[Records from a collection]
lemma continuous_on_kernel_snd:
  assumes "w \<in> \<Omega>"
  shows "continuous_on \<Omega> (\<lambda>z. K w z)"
proof -
  have "continuous_on \<Omega> (\<lambda>z. cnj (K z w))"
    by (intro continuous_on_cnj continuous_on_kernel_fst assms)
  then show ?thesis
    by (rule continuous_on_cong[THEN iffD1, rotated 2]) (auto simp: kernel_cnj_swap[OF assms])
qed

lemma measurable_kernel_fst: "z \<in> \<Omega> \<Longrightarrow> (\<lambda>w. K w z) \<in> borel_measurable dV"
  by (rule continuous_imp_measurable_on_sets_lebesgue[OF continuous_on_kernel_fst domain_in_sets_lebesgue])

lemma measurable_kernel_snd: "w \<in> \<Omega> \<Longrightarrow> (\<lambda>z. K w z) \<in> borel_measurable dV"
  by (rule continuous_imp_measurable_on_sets_lebesgue[OF continuous_on_kernel_snd domain_in_sets_lebesgue])

lemma measurable_id_dV: "(\<lambda>x. x) \<in> borel_measurable dV"
  by (rule continuous_imp_measurable_on_sets_lebesgue[OF continuous_on_id domain_in_sets_lebesgue])

lemma measurable_kernel_pair: "(\<lambda>(z, w). K w z) \<in> borel_measurable (dV \<Otimes>\<^sub>M dV)"
  unfolding case_prod_beta
proof (rule borel_measurable_Caratheodory[where G="\<lambda>x p. K x (fst p)", OF open_domain domain_nonempty])
  show "snd \<in> borel_measurable (dV \<Otimes>\<^sub>M dV)"
    using measurable_compose[OF measurable_snd[of dV dV] measurable_id_dV] by simp
  show "(\<lambda>p. K x (fst p)) \<in> borel_measurable (dV \<Otimes>\<^sub>M dV)" if "x \<in> \<Omega>" for x
    using measurable_compose[OF measurable_fst[of dV dV] measurable_kernel_snd[OF that]] by simp
qed (auto simp: space_pair_measure intro: continuous_on_kernel_fst)

lemma measurable_kernel_diag: "(\<lambda>z. K z z) \<in> borel_measurable dV"
  by (rule borel_measurable_Caratheodory[where G="\<lambda>x z. K x z", OF open_domain domain_nonempty measurable_id_dV])
     (auto intro: measurable_kernel_snd continuous_on_kernel_fst)

lemma integrable_norm_kernel_sq: "z \<in> \<Omega> \<Longrightarrow> integrable dV (\<lambda>w. (cmod (K w z))\<^sup>2)"
  using kernel_in_bergman_space unfolding bergman_space_def memLp_def by simp

lemma kernel_diag:
  assumes "z \<in> \<Omega>"
  shows "K z z = of_real (\<integral>w. (cmod (K w z))\<^sup>2 \<partial>dV)"
proof -
  have "K z z = (\<integral>w. K w z * cnj (K w z) \<partial>dV)"
    using kernel_reproducing[OF assms kernel_in_bergman_space[OF assms]] .
  also have "\<dots> = (\<integral>w. of_real ((cmod (K w z))\<^sup>2) \<partial>dV)"
    by (simp only: complex_norm_square)
  finally show ?thesis by (simp only: integral_complex_of_real)
qed

lemma Re_kernel_diag: "z \<in> \<Omega> \<Longrightarrow> Re (K z z) = (\<integral>w. (cmod (K w z))\<^sup>2 \<partial>dV)"
  using kernel_diag by simp

lemma Re_kernel_diag_pos:
  assumes "z \<in> \<Omega>"
  shows "0 < Re (K z z)"
proof -
  have "0 \<le> Re (K z z)" unfolding Re_kernel_diag[OF assms] by simp
  moreover have "K z z \<noteq> 0" using BR assms unfolding property_BR_def by blast
  then have "Re (K z z) \<noteq> 0"
    using kernel_diag[OF assms] Re_kernel_diag[OF assms] by (metis of_real_0)
  ultimately show ?thesis by simp
qed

_Task instructions:_
Using the data above, restate every record word for word.

_Result for this exercise:_
lemma continuous_on_kernel_snd:
  assumes "w \<in> \<Omega>"
  shows "continuous_on \<Omega> (\<lambda>z. K w z)"
proof -
  have "continuous_on \<Omega> (\<lambda>z. cnj (K z w))"
    by (intro continuous_on_cnj continuous_on_kernel_fst assms)
  then show ?thesis
    by (rule continuous_on_cong[THEN iffD1, rotated 2]) (auto simp: kernel_cnj_swap[OF assms])
qed

lemma measurable_kernel_fst: "z \<in> \<Omega> \<Longrightarrow> (\<lambda>w. K w z) \<in> borel_measurable dV"
  by (rule continuous_imp_measurable_on_sets_lebesgue[OF continuous_on_kernel_fst domain_in_sets_lebesgue])

lemma measurable_kernel_snd: "w \<in> \<Omega> \<Longrightarrow> (\<lambda>z. K w z) \<in> borel_measurable dV"
  by (rule continuous_imp_measurable_on_sets_lebesgue[OF continuous_on_kernel_snd domain_in_sets_lebesgue])

lemma measurable_id_dV: "(\<lambda>x. x) \<in> borel_measurable dV"
  by (rule continuous_imp_measurable_on_sets_lebesgue[OF continuous_on_id domain_in_sets_lebesgue])

lemma measurable_kernel_pair: "(\<lambda>(z, w). K w z) \<in> borel_measurable (dV \<Otimes>\<^sub>M dV)"
  unfolding case_prod_beta
proof (rule borel_measurable_Caratheodory[where G="\<lambda>x p. K x (fst p)", OF open_domain domain_nonempty])
  show "snd \<in> borel_measurable (dV \<Otimes>\<^sub>M dV)"
    using measurable_compose[OF measurable_snd[of dV dV] measurable_id_dV] by simp
  show "(\<lambda>p. K x (fst p)) \<in> borel_measurable (dV \<Otimes>\<^sub>M dV)" if "x \<in> \<Omega>" for x
    using measurable_compose[OF measurable_fst[of dV dV] measurable_kernel_snd[OF that]] by simp
qed (auto simp: space_pair_measure intro: continuous_on_kernel_fst)

lemma measurable_kernel_diag: "(\<lambda>z. K z z) \<in> borel_measurable dV"
  by (rule borel_measurable_Caratheodory[where G="\<lambda>x z. K x z", OF open_domain domain_nonempty measurable_id_dV])
     (auto intro: measurable_kernel_snd continuous_on_kernel_fst)

lemma integrable_norm_kernel_sq: "z \<in> \<Omega> \<Longrightarrow> integrable dV (\<lambda>w. (cmod (K w z))\<^sup>2)"
  using kernel_in_bergman_space unfolding bergman_space_def memLp_def by simp

lemma kernel_diag:
  assumes "z \<in> \<Omega>"
  shows "K z z = of_real (\<integral>w. (cmod (K w z))\<^sup>2 \<partial>dV)"
proof -
  have "K z z = (\<integral>w. K w z * cnj (K w z) \<partial>dV)"
    using kernel_reproducing[OF assms kernel_in_bergman_space[OF assms]] .
  also have "\<dots> = (\<integral>w. of_real ((cmod (K w z))\<^sup>2) \<partial>dV)"
    by (simp only: complex_norm_square)
  finally show ?thesis by (simp only: integral_complex_of_real)
qed

lemma Re_kernel_diag: "z \<in> \<Omega> \<Longrightarrow> Re (K z z) = (\<integral>w. (cmod (K w z))\<^sup>2 \<partial>dV)"
  using kernel_diag by simp

lemma Re_kernel_diag_pos:
  assumes "z \<in> \<Omega>"
  shows "0 < Re (K z z)"
proof -
  have "0 \<le> Re (K z z)" unfolding Re_kernel_diag[OF assms] by simp
  moreover have "K z z \<noteq> 0" using BR assms unfolding property_BR_def by blast
  then have "Re (K z z) \<noteq> 0"
    using kernel_diag[OF assms] Re_kernel_diag[OF assms] by (metis of_real_0)
  ultimately show ?thesis by simp
qed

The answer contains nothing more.